━━ MATERIAL SUPPLIED ━━
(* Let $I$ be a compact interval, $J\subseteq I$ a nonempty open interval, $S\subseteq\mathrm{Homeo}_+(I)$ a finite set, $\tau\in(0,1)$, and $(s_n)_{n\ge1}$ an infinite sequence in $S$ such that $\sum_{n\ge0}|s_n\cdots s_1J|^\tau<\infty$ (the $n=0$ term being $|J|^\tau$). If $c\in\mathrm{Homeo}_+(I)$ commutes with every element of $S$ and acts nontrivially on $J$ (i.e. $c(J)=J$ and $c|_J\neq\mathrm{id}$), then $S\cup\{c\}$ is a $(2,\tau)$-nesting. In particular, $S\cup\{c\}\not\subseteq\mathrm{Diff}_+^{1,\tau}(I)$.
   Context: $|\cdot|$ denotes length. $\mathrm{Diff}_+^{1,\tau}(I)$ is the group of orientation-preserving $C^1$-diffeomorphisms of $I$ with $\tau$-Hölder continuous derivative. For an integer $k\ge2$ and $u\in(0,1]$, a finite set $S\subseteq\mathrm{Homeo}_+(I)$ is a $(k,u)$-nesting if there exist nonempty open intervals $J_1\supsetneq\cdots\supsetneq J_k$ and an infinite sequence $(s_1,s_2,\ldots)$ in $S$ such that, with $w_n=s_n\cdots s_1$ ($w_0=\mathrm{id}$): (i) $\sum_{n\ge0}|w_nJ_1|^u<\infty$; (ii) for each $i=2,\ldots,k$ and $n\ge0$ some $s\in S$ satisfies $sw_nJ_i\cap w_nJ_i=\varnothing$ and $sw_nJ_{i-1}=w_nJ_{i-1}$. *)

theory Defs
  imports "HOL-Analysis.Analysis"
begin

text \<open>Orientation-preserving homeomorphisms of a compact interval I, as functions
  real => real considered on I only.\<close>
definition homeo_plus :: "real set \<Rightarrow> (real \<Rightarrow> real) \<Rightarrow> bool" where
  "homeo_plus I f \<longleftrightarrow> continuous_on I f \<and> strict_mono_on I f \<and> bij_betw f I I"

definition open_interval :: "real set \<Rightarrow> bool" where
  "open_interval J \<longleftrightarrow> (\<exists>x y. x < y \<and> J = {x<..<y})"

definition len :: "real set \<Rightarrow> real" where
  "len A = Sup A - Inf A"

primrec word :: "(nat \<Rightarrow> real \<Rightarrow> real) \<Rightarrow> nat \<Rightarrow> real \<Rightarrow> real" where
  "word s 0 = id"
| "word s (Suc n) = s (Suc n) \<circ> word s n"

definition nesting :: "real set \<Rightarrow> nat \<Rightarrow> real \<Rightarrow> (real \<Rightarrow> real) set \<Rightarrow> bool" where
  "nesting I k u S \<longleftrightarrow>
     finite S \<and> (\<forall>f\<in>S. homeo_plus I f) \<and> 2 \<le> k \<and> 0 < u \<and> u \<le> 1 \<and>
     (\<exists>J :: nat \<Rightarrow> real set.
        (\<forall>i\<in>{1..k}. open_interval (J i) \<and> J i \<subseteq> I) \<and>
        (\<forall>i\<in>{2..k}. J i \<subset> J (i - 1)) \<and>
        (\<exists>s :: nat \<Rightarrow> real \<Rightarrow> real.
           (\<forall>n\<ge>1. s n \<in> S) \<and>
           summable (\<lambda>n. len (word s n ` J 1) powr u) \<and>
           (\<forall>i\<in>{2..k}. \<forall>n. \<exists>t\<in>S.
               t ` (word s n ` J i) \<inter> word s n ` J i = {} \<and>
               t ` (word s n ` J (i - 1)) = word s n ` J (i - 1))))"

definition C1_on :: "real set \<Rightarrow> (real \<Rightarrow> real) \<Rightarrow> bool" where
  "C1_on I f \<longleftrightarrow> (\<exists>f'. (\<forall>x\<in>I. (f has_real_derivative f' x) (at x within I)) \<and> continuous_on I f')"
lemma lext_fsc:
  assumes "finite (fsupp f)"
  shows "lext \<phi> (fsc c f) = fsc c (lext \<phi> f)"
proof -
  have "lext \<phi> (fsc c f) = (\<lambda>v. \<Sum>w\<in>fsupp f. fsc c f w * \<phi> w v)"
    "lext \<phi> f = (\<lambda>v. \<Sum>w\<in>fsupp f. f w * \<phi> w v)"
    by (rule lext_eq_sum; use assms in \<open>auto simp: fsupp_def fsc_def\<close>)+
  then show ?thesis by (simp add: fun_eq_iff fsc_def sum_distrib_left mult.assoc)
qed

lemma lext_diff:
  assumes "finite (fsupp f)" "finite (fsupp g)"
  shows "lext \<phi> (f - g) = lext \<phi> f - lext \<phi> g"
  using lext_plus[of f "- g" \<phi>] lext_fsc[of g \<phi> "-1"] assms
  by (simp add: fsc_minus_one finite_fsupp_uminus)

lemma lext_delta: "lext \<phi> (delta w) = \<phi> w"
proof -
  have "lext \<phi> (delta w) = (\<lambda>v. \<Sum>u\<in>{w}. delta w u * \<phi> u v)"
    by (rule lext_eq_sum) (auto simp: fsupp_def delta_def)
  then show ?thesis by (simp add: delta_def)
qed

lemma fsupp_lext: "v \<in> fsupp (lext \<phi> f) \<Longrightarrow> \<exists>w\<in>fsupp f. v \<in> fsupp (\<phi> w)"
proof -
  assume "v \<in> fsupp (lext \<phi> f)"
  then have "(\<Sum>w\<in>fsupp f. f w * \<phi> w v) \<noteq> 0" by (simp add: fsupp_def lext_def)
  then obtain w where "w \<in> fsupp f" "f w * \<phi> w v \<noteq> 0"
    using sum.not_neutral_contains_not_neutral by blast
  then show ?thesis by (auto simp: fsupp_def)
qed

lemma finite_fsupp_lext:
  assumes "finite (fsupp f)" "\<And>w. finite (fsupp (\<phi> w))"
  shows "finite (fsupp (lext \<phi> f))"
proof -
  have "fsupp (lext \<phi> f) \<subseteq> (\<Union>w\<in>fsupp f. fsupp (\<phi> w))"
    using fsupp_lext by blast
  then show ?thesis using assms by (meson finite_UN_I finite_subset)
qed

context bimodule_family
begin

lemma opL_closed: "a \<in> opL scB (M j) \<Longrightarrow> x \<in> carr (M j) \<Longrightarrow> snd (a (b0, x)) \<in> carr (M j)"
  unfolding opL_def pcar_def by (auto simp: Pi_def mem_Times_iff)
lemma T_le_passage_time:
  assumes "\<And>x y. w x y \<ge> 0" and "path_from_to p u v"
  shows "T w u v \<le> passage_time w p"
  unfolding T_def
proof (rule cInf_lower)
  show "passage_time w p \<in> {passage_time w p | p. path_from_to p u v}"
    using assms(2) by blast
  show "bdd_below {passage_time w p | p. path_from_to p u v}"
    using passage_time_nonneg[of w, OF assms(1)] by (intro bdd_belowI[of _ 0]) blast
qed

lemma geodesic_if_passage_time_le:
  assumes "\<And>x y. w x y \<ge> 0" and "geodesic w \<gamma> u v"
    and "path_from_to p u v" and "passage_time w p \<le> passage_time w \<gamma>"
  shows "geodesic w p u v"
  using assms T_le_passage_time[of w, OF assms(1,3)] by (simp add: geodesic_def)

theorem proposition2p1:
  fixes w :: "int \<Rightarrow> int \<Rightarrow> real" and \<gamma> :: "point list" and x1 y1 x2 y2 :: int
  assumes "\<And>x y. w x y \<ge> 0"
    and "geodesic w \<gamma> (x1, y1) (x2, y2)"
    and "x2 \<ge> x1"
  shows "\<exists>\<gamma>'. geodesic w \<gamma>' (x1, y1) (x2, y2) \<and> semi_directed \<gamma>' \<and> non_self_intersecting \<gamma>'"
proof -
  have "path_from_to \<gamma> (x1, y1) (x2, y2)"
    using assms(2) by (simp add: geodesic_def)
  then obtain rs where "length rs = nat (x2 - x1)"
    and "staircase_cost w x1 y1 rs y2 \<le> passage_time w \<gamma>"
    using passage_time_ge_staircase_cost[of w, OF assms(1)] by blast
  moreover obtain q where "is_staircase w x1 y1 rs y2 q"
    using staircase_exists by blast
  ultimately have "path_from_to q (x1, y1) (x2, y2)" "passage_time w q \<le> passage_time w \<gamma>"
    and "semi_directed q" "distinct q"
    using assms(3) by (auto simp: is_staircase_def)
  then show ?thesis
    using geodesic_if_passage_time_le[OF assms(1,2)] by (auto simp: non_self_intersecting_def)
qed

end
━━━
ACTION ITEM> From the line containing "using staircase_exists by blast" to the last line above, repeat every line exactly and nothing else.

EXERCISE OUTPUT>
    using staircase_exists by blast
  ultimately have "path_from_to q (x1, y1) (x2, y2)" "passage_time w q \<le> passage_time w \<gamma>"
    and "semi_directed q" "distinct q"
    using assms(3) by (auto simp: is_staircase_def)
  then show ?thesis
    using geodesic_if_passage_time_le[OF assms(1,2)] by (auto simp: non_self_intersecting_def)
qed

end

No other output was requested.